Sam’s still leaning on his elbows, but he’s put his cup down, laced his fingers together, except his index fingers, which are steepled and tapping against his lips as he watches me. I can see his jaw working as he grinds his teeth.
“So, yeah,” I say with a shrug. “Another reason—the main reason in fact—that I stay with him. If it was just me, I’d walk away. I’d have nothing, but I’d survive. There’s just no way I’d ever be able to keep Mum somewhere like where she is now. She can’t walk, can’t feed herself, and she’s mostly non-verbal. She needs twenty-four-seven care. If I leave Logan, I’ll have to work to support myself. That means I won’t be able to look after her. Sas has a family, and she works.
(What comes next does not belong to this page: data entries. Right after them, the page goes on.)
lemma non_good_exponent_avoids:
  fixes \<sigma> A0 A1 b c d :: real and j :: int and p :: nat
  assumes \<sigma>: "0 < \<sigma>" "\<sigma> < 1" and A: "0 < A0" "A0 < A1" and p: "2 \<le> p"
    and window: "\<And>s. c < s \<Longrightarrow> s < d \<Longrightarrow>
                   ln A1 / ln \<sigma> < of_int j + s \<and> of_int j + s < ln A0 / ln \<sigma>"
    and b: "0 < b" "b < 1" "b \<notin> good_set A0 A1 \<sigma> p"
  shows "\<forall>\<^sub>F m in sequentially. frac (real p ^ m * log \<sigma> b) \<notin> {c<..<d}"
proof (rule ccontr)
  assume "\<not> ?thesis"
  then have "\<exists>\<^sub>F m in sequentially. frac (real p ^ m * log \<sigma> b) \<in> {c<..<d}"
    by (simp add: not_eventually)
  moreover have "0 < log \<sigma> b" using b \<sigma> by (simp add: log_def divide_neg_neg)
  ultimately have "\<sigma> powr (log \<sigma> b) \<in> good_set A0 A1 \<sigma> p"
    using good_set_if_orbit_recurrent[OF \<sigma> A p _ window] by blast
  then show False using b \<sigma> by simp
qed

(* Full measure: the non-good points of [0, 1] other than 0 and 1 are images, under the smooth
   map y \<mapsto> sigma powr y, of the null set of y whose orbit eventually avoids (c, d). *)
lemma non_good_negligible:
  fixes A0 A1 \<sigma> :: real and p :: nat
  assumes A: "0 < A0" "A0 < A1" and \<sigma>: "0 < \<sigma>" "\<sigma> < 1" and p: "2 \<le> p"
  shows "negligible ({0..1} - good_set A0 A1 \<sigma> p)"
proof -
  have "ln \<sigma> < 0" "ln A0 < ln A1" using A \<sigma> by simp_all
  then have "ln A1 / ln \<sigma> < ln A0 / ln \<sigma>" by (simp add: divide_strict_right_mono_neg)
  then obtain j c d where cd: "0 \<le> c" "c < d" "d \<le> 1"
    and window: "\<And>s. c < s \<Longrightarrow> s < d \<Longrightarrow>
                   ln A1 / ln \<sigma> < of_int j + s \<and> of_int j + s < ln A0 / ln \<sigma>"
    by (rule unit_window) blast
  define B where "B = {y. \<forall>\<^sub>F m in sequentially. frac (real p ^ m * y) \<notin> {c<..<d}}"
  have "negligible B" unfolding B_def using orbit_eventually_avoiding_negligible[OF cd p] .
  moreover have "((\<lambda>y. \<sigma> powr y) has_real_derivative (ln \<sigma> * \<sigma> powr y)) (at y)" for y
    using has_real_derivative_const_powr[where f = "\<lambda>y. y" and f' = "\<lambda>_. 1" and a = \<sigma>] by simp
  then have "(\<lambda>y. \<sigma> powr y) differentiable_on B"
    by (meson differentiableI has_field_derivative_imp_has_derivative
        differentiable_at_imp_differentiable_on)
  ultimately have "negligible ((\<lambda>y. \<sigma> powr y) ` B)"
    by (rule negligible_differentiable_image_negligible[OF order_refl])
  then have "negligible ({0, 1} \<union> (\<lambda>y. \<sigma> powr y) ` B)" by simp
  moreover have "b \<in> {0, 1} \<union> (\<lambda>y. \<sigma> powr y) ` B" if b: "b \<in> {0..1} - good_set A0 A1 \<sigma> p" for b
  proof (cases "b = 0 \<or> b = 1")
    case False
    then have "0 < b" "b < 1" using b by auto
    then have "log \<sigma> b \<in> B" "\<sigma> powr (log \<sigma> b) = b"
      using non_good_exponent_avoids[OF \<sigma> A p window] b \<sigma> by (simp_all add: B_def)
    then show ?thesis by (metis UnI2 image_eqI)
  qed blast
  ultimately show ?thesis by (meson negligible_subset subsetI)
qed

(* The good set is the intersection over N of the relatively open sets of b admitting a good pair
   with n \<ge> N; openness holds because b \<mapsto> b ^ (p ^ m) / sigma ^ (n - m) is continuous. *)
lemma good_set_gdelta: "gdelta_in (top_of_set {0..1}) (good_set A0 A1 \<sigma> p)"
proof -
  define U where "U N = {b::real. \<exists>n\<ge>N. \<exists>m. 0 < m \<and> m < n \<and>
       A0 < b ^ (p ^ m) / \<sigma> ^ (n - m) \<and> b ^ (p ^ m) / \<sigma> ^ (n - m) < A1}" for N
  have U: "open (U N)" for N
    unfolding U_def divide_inverse
    by (intro open_Collect_ex open_Collect_conj open_Collect_const open_Collect_less continuous_intros)
  have "good_set A0 A1 \<sigma> p = (\<Inter>N. {0..1} \<inter> U N)"
    unfolding good_set_iff U_def by auto
  also have "gdelta_in (top_of_set {0..1}) \<dots>"
    by (intro gdelta_in_Inter open_imp_gdelta_in) (auto intro: openin_open_Int U)
  finally show ?thesis .
qed

(* A subset with negligible complement in a nondegenerate interval is dense in it, since every
   subinterval of positive length is non-negligible. *)
lemma interval_subset_closure_if_conegligible:
  fixes S :: "real set" and a b :: real
  assumes ab: "a < b" and null: "negligible ({a..b} - S)"
  shows "{a..b} \<subseteq> closure S"
proof
  fix x assume x: "x \<in> {a..b}"
  show "x \<in> closure S" unfolding closure_approachable
  proof (intro allI impI)
    fix e :: real assume e: "e > 0"
    define l u where "l = max a (x - e / 2)" and "u = min b (x + e / 2)"
    have "l < u" using ab x e by (auto simp: l_def u_def)
    then have "\<not> negligible {l..u}" using negligible_interval(1)[of l u] by simp
    then obtain y where "y \<in> {l..u}" "y \<notin> {a..b} - S"
      using negligible_subset[OF null] by blast
    moreover have "{l..u} \<subseteq> {a..b}" "\<And>y. y \<in> {l..u} \<Longrightarrow> dist y x < e"
      using e by (auto simp: l_def u_def dist_real_def)
    ultimately show "\<exists>y\<in>S. dist y x < e" by blast
  qed
qed

theorem mainTheorem2:
  fixes A0 A1 \<sigma> :: real and p :: nat
  assumes "0 < A0" "A0 < A1" "0 < \<sigma>" "\<sigma> < 1" "2 \<le> p"
  shows "gdelta_in (top_of_set {0..1}) (good_set A0 A1 \<sigma> p)
     \<and> {0..1} \<subseteq> closure (good_set A0 A1 \<sigma> p)
     \<and> good_set A0 A1 \<sigma> p \<in> sets lebesgue
     \<and> emeasure lebesgue ({0..1} - good_set A0 A1 \<sigma> p) = 0"
proof -
  let ?G = "good_set A0 A1 \<sigma> p"
  have null: "negligible ({0..1} - ?G)" by (rule non_good_negligible[OF assms])
  then have null_set: "{0..1} - ?G \<in> null_sets lebesgue" by (simp add: negligible_iff_null_sets)
  have "?G = {0..1} - ({0..1} - ?G)" unfolding good_set_def by blast
  also have "\<dots> \<in> sets lebesgue" by (rule sets.Diff) (simp_all add: null_setsD2[OF null_set])
  finally have "?G \<in> sets lebesgue" .
  then show ?thesis
    using good_set_gdelta interval_subset_closure_if_conegligible[OF _ null] null_setsD1[OF null_set]
    by simp
qed

end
She’d do what she could, but it wouldn’t be much, and I have absolutely no idea where my brothers even are. Not that I’d expect any support from them.”
“She had no problem walking away from you,” Frankie reminds me.
“Mate,” Sam responds with a headshake.
“What? She didn’t. Everyone in town knew Mila’s dad liked a beer, but she left her four kids with him and didn’t look back.”
“But I’m not her,” I state. “I know this…” I gesture between them with an upturned palm. “What we’re doing isn’t going to win me any Wife of The Year awards. Like I told you at Scott’s party, this is just me living out my fantasy of being fucked by two men at the same time before I settle down to a life of tedium, very bad sex, and motherhood.”